## Data in this exercise
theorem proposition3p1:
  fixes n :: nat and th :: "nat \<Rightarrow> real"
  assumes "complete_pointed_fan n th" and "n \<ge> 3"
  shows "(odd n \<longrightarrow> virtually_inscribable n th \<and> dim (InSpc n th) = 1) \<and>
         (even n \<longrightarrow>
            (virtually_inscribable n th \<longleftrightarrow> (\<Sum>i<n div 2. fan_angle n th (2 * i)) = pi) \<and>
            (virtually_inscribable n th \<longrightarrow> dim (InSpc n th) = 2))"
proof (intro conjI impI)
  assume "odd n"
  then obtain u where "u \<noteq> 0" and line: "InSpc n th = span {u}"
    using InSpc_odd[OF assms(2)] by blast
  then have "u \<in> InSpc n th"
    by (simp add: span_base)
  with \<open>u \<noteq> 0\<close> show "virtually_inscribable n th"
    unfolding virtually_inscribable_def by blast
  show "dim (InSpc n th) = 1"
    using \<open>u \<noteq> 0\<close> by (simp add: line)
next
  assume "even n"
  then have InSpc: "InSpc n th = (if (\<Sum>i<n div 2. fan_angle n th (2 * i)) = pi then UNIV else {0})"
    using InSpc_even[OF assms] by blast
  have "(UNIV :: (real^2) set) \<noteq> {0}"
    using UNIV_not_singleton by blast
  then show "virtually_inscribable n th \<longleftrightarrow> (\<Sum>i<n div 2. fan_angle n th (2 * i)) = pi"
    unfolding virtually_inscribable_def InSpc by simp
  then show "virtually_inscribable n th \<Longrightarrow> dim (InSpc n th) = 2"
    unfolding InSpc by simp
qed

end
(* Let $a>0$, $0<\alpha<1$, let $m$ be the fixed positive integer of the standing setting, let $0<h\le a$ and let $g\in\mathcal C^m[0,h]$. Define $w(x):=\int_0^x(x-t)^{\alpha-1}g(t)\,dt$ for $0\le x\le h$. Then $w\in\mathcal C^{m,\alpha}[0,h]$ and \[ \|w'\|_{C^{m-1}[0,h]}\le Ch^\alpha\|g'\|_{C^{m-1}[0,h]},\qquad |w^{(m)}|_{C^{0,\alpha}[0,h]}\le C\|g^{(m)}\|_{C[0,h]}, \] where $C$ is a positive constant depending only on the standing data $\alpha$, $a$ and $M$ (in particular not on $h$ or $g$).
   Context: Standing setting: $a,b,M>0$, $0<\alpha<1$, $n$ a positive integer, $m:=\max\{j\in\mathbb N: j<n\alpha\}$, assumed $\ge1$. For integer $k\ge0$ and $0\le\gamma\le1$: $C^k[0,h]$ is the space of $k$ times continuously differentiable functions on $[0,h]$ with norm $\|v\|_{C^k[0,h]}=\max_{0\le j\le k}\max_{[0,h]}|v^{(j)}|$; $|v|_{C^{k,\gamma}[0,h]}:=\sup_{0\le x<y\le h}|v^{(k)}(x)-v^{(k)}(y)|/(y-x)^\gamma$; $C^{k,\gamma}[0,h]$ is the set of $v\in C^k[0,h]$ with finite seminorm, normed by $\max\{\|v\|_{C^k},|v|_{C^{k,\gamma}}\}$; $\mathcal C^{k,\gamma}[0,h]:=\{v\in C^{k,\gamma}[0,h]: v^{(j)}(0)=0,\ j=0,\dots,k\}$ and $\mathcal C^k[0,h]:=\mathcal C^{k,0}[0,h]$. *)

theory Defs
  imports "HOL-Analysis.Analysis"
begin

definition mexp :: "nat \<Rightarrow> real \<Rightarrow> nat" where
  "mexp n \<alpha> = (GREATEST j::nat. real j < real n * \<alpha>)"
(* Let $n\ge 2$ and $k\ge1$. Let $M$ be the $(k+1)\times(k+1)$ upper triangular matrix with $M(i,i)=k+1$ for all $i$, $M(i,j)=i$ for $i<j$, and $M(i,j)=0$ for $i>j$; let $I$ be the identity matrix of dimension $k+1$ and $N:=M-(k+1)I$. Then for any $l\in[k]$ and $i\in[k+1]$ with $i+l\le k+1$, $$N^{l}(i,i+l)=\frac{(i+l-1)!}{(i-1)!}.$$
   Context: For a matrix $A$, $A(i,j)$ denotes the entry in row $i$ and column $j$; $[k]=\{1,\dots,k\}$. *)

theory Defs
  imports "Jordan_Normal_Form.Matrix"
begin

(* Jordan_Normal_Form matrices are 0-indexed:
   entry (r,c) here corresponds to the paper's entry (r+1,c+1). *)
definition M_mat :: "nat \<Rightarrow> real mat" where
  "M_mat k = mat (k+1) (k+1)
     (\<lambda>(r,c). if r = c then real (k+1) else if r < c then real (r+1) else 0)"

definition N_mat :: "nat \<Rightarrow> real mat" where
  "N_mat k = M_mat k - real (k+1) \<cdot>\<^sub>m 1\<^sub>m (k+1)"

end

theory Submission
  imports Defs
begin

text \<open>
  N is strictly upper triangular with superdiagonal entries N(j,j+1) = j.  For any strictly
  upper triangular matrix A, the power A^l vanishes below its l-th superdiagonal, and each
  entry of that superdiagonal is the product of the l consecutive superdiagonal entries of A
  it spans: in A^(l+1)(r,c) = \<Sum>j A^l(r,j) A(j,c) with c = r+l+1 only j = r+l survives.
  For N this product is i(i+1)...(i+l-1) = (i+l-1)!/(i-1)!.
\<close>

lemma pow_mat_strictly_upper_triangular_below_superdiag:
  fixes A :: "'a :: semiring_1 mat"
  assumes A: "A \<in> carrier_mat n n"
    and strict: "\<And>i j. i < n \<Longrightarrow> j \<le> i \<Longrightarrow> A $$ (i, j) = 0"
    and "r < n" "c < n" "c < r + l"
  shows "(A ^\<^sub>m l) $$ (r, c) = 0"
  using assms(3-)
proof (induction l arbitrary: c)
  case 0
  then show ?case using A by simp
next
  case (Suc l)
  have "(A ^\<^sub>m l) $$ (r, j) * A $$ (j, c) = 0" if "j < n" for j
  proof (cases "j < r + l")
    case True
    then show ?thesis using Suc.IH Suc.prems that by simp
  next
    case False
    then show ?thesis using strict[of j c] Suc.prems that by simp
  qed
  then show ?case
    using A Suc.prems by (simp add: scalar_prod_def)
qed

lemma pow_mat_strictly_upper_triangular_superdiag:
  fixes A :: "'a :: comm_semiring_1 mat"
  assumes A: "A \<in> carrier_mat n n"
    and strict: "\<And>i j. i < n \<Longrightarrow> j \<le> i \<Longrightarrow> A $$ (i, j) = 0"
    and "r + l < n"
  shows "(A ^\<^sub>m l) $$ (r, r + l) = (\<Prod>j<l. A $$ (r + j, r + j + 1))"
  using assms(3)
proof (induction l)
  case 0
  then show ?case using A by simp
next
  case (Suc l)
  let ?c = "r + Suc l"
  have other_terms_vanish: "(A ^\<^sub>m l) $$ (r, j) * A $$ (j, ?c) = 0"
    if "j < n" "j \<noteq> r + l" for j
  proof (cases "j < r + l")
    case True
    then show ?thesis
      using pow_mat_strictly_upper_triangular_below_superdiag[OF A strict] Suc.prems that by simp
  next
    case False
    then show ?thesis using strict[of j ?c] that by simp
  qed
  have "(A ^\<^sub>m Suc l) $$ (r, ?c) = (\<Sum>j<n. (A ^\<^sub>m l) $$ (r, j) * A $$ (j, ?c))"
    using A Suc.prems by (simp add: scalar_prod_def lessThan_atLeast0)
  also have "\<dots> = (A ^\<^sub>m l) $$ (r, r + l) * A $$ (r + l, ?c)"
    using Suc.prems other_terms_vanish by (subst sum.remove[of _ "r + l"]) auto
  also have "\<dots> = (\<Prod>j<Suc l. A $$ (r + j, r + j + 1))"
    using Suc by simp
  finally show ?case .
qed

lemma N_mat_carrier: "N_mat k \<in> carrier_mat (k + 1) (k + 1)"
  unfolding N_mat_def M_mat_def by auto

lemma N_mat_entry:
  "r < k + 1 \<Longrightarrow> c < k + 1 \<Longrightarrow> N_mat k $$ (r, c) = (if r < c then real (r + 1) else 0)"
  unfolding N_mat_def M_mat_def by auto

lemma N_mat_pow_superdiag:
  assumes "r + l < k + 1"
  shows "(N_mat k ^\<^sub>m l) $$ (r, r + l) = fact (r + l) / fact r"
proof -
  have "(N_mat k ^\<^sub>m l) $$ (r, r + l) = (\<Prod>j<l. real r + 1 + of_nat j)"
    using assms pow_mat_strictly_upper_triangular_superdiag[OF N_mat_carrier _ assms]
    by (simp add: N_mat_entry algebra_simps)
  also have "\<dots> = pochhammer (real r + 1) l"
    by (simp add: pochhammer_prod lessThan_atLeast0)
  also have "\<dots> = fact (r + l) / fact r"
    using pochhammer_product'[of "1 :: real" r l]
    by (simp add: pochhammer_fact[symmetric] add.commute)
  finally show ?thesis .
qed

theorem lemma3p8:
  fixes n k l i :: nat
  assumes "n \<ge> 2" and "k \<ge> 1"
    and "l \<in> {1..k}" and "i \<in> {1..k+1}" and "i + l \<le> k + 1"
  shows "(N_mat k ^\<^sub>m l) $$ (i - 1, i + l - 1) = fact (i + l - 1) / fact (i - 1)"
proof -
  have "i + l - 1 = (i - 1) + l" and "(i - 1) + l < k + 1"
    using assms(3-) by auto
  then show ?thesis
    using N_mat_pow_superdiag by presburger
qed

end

## Exercise goal
Exactly reproduce the lines from the one containing "using assms(3-) by auto" through the end of the records, and only those lines.

## Answer space
    using assms(3-) by auto
  then show ?thesis
    using N_mat_pow_superdiag by presburger
qed

end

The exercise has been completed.